Retype, without any change, the first line of the records and every line after it through the one containing "pochhammer \<theta> n *".

## INFORMATION SHOWN
BEGIN

(* Let $\theta>0$ and $\tilde D_n=\sum_{j=2}^n(\tilde C_j(n)-1)_+$, where $(x)_+=\max(0,x)$. Then, as $n\to\infty$, $$\mathbb{P}(\tilde D_n=0)\to\prod_{j\ge2}e^{-\theta/j}\Big(1+\frac{\theta}{j}\Big)=\frac{e^{-\theta(\gamma-1)}}{\Gamma(\theta+2)},$$ where $\gamma$ is Euler's constant. That is, the probability that a $\theta$-biased random derangement of $\{1,\ldots,n\}$ has all cycle lengths distinct converges to $e^{-\theta(\gamma-1)}/\Gamma(\theta+2)$.
   Context: Fix $\theta>0$. Write $\theta_{(m)}=\theta(\theta+1)\cdots(\theta+m-1)$. $\mathrm{ESF}(\theta)$ is the law of $(C_1(n),\ldots,C_n(n))$ with $\mathbb{P}(C_j(n)=c_j,\,1\le j\le n)=\frac{n!}{\theta_{(n)}}\prod_{j=1}^n(\theta/j)^{c_j}/c_j!$ whenever $\sum_j jc_j=n$ (cycle counts of a random permutation chosen with probability $\theta^k/\theta_{(n)}$ when it has $k$ cycles). The derangement cycle counts $(\tilde C_2(n),\ldots,\tilde C_n(n))$ have the law of $(C_2(n),\ldots,C_n(n))$ conditioned on $C_1(n)=0$. *)

theory Defs
  imports "HOL-Analysis.Analysis"
begin

text \<open>Cycle-count vectors of size n: c j is the number of j-cycles; c j = 0 outside 1..n
  and the weighted sum is n.\<close>
definition cyc_vecs :: "nat \<Rightarrow> (nat \<Rightarrow> nat) set" where
  "cyc_vecs n = {c. (\<forall>j. c j \<noteq> 0 \<longrightarrow> j \<in> {1..n}) \<and> (\<Sum>j=1..n. j * c j) = n}"

text \<open>Ewens sampling formula ESF(theta) probability of the count vector c.\<close>
definition esf_prob :: "real \<Rightarrow> nat \<Rightarrow> (nat \<Rightarrow> nat) \<Rightarrow> real" where
  "esf_prob \<theta> n c = fact n / pochhammer \<theta> n *
     (\<Prod>j=1..n. (\<theta> / real j) ^ (c j) / fact (c j))"

definition esf_event :: "real \<Rightarrow> nat \<Rightarrow> ((nat \<Rightarrow> nat) \<Rightarrow> bool) \<Rightarrow> real" where
  "esf_event \<theta> n P = (\<Sum>c\<in>{c\<in>cyc_vecs n. P c}. esf_prob \<theta> n c)"

text \<open>Law of the derangement cycle counts: ESF(theta) conditioned on C_1(n) = 0.\<close>
definition derange_prob :: "real \<Rightarrow> nat \<Rightarrow> ((nat \<Rightarrow> nat) \<Rightarrow> bool) \<Rightarrow> real" where
  "derange_prob \<theta> n P =
     esf_event \<theta> n (\<lambda>c. c 1 = 0 \<and> P c) / esf_event \<theta> n (\<lambda>c. c 1 = 0)"

text \<open>D tilde: sum over j=2..n of (c j - 1)_+ (truncated nat subtraction is the positive part).\<close>
definition D_tilde :: "nat \<Rightarrow> (nat \<Rightarrow> nat) \<Rightarrow> nat" where
  "D_tilde n c = (\<Sum>j=2..n. c j - 1)"

end

theory Submission
  imports Defs "HOL-Computational_Algebra.Formal_Power_Series"
begin

unbundle no vec_syntax
notation fps_nth (infixl "$" 75)

text \<open>
  By the Ewens sampling formula, the weight of the count vectors with \<open>c 1 = 0\<close> and
  \<open>c j \<le> 1\<close> for \<open>2 \<le> j \<le> M\<close> is the \<open>n\<close>-th coefficient of
  \<open>\<Prod>j\<le>M. h\<^sub>j(X\<^sup>j) * \<Prod>M<j\<le>n. exp (t X\<^sup>j / j)\<close>, where \<open>h\<^sub>1 = 1\<close> and
  \<open>h\<^sub>j(z) = 1 + t z / j\<close> for \<open>j \<ge> 2\<close>. This product is \<open>g\<^sub>M * E\<^sub>n\<close> with
  \<open>g\<^sub>M = \<Prod>j\<le>M. h\<^sub>j(X\<^sup>j) exp (- t X\<^sup>j / j)\<close> and \<open>E\<^sub>n\<close> a truncation of
  \<open>(1 - X) powr -t\<close>, whose coefficients \<open>a\<^sub>m = pochhammer t m / m!\<close> vary regularly.
  Hence \<open>[X\<^sup>n] (g\<^sub>M * E\<^sub>n) / a\<^sub>n\<close> tends to
  \<open>g\<^sub>M(1) = exp (-t) \<Prod>2\<le>j\<le>M. exp (- t / j) (1 + t / j)\<close>.
  The derangement probability is the quotient of the cases \<open>M = n\<close> and \<open>M = 1\<close>. To pass from
  a fixed \<open>M\<close> to \<open>M = n\<close>, the cycle lengths \<open>k > M\<close> occurring at least twice are
  bounded coefficientwise by \<open>\<Sum>k>M. (t / k)\<^sup>2 / 2 X\<^sup>2\<^sup>k E\<^sub>n\<close>, which costs
  \<open>O(t\<^sup>2 / M + 1 / n)\<close> relative to \<open>a\<^sub>n\<close>. The infinite product is identified with
  \<open>exp (- t (\<gamma> - 1)) / \<Gamma>(t + 2)\<close> by Weierstrass' product for \<open>\<Gamma>\<close>.
\<close>

section \<open>Count vectors and spread power series\<close>

definition fps_spread :: "nat \<Rightarrow> (nat \<Rightarrow> 'a::zero) \<Rightarrow> 'a fps" where
  "fps_spread j f = Abs_fps (\<lambda>m. if j dvd m then f (m div j) else 0)"

lemma fps_spread_nth: "fps_spread j f $ m = (if j dvd m then f (m div j) else 0)"
  by (simp add: fps_spread_def)

lemma fps_spread_eq_compose:
  fixes f :: "nat \<Rightarrow> 'a::comm_semiring_1"
  assumes "j \<ge> 1"
  shows "fps_spread j f = Abs_fps f oo fps_X ^ j"
proof (rule fps_ext)
  fix m
  have "(Abs_fps f oo fps_X ^ j) $ m = (\<Sum>i=0..m. f i * (if m = j * i then 1 else 0))"
    by (simp add: fps_compose_nth power_mult[symmetric])
  also have "\<dots> = (if j dvd m then f (m div j) else 0)"
  proof (cases "j dvd m")
    case True
    then obtain r where m: "m = j * r" by blast
    have "(\<Sum>i=0..m. f i * (if m = j * i then 1 else 0)) = (\<Sum>i=0..m. if i = r then f r else 0)"
      using assms m by (intro sum.cong) auto
    also have "\<dots> = f (m div j)" using assms m by simp
    finally show ?thesis using True by simp
  next
    case False
    then have "m \<noteq> j * i" for i by auto
    then show ?thesis using False by simp
  qed
  finally show "fps_spread j f $ m = (Abs_fps f oo fps_X ^ j) $ m"
    by (simp add: fps_spread_nth)
qed

definition count_vecs :: "nat \<Rightarrow> nat \<Rightarrow> (nat \<Rightarrow> nat) set" where
  "count_vecs N n = {c. (\<forall>j. c j \<noteq> 0 \<longrightarrow> j \<in> {1..N}) \<and> (\<Sum>j=1..N. j * c j) = n}"

lemma cyc_vecs_eq_count_vecs: "cyc_vecs n = count_vecs n n"
  by (simp add: cyc_vecs_def count_vecs_def)

lemma finite_count_vecs [simp]: "finite (count_vecs N n)"
proof (rule finite_subset)
  show "count_vecs N n \<subseteq> {c. \<forall>x. (x \<in> {1..N} \<longrightarrow> c x \<in> {0..n}) \<and> (x \<notin> {1..N} \<longrightarrow> c x = 0)}"
  proof (safe)
    fix c x assume c: "c \<in> count_vecs N n" and x: "x \<in> {1..N}"
    have "c x \<le> x * c x" using x by auto
    also have "x * c x \<le> (\<Sum>j=1..N. j * c j)" using x by (intro member_le_sum) auto
    also have "\<dots> = n" using c by (simp add: count_vecs_def)
    finally show "c x \<in> {0..n}" by simp
  next
    fix c x assume "c \<in> count_vecs N n" "x \<notin> {1..N}"
    then show "c x = 0" by (auto simp: count_vecs_def)
  qed
  show "finite {c. \<forall>x. (x \<in> {1..N} \<longrightarrow> c x \<in> {0..n}) \<and> (x \<notin> {1..N} \<longrightarrow> c x = (0::nat))}"
    by (rule finite_set_of_finite_funs) auto
qed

END

## WRITTEN SOLUTION
(* Let $\theta>0$ and $\tilde D_n=\sum_{j=2}^n(\tilde C_j(n)-1)_+$, where $(x)_+=\max(0,x)$. Then, as $n\to\infty$, $$\mathbb{P}(\tilde D_n=0)\to\prod_{j\ge2}e^{-\theta/j}\Big(1+\frac{\theta}{j}\Big)=\frac{e^{-\theta(\gamma-1)}}{\Gamma(\theta+2)},$$ where $\gamma$ is Euler's constant. That is, the probability that a $\theta$-biased random derangement of $\{1,\ldots,n\}$ has all cycle lengths distinct converges to $e^{-\theta(\gamma-1)}/\Gamma(\theta+2)$.
   Context: Fix $\theta>0$. Write $\theta_{(m)}=\theta(\theta+1)\cdots(\theta+m-1)$. $\mathrm{ESF}(\theta)$ is the law of $(C_1(n),\ldots,C_n(n))$ with $\mathbb{P}(C_j(n)=c_j,\,1\le j\le n)=\frac{n!}{\theta_{(n)}}\prod_{j=1}^n(\theta/j)^{c_j}/c_j!$ whenever $\sum_j jc_j=n$ (cycle counts of a random permutation chosen with probability $\theta^k/\theta_{(n)}$ when it has $k$ cycles). The derangement cycle counts $(\tilde C_2(n),\ldots,\tilde C_n(n))$ have the law of $(C_2(n),\ldots,C_n(n))$ conditioned on $C_1(n)=0$. *)

theory Defs
  imports "HOL-Analysis.Analysis"
begin

text \<open>Cycle-count vectors of size n: c j is the number of j-cycles; c j = 0 outside 1..n
  and the weighted sum is n.\<close>
definition cyc_vecs :: "nat \<Rightarrow> (nat \<Rightarrow> nat) set" where
  "cyc_vecs n = {c. (\<forall>j. c j \<noteq> 0 \<longrightarrow> j \<in> {1..n}) \<and> (\<Sum>j=1..n. j * c j) = n}"

text \<open>Ewens sampling formula ESF(theta) probability of the count vector c.\<close>
definition esf_prob :: "real \<Rightarrow> nat \<Rightarrow> (nat \<Rightarrow> nat) \<Rightarrow> real" where
  "esf_prob \<theta> n c = fact n / pochhammer \<theta> n *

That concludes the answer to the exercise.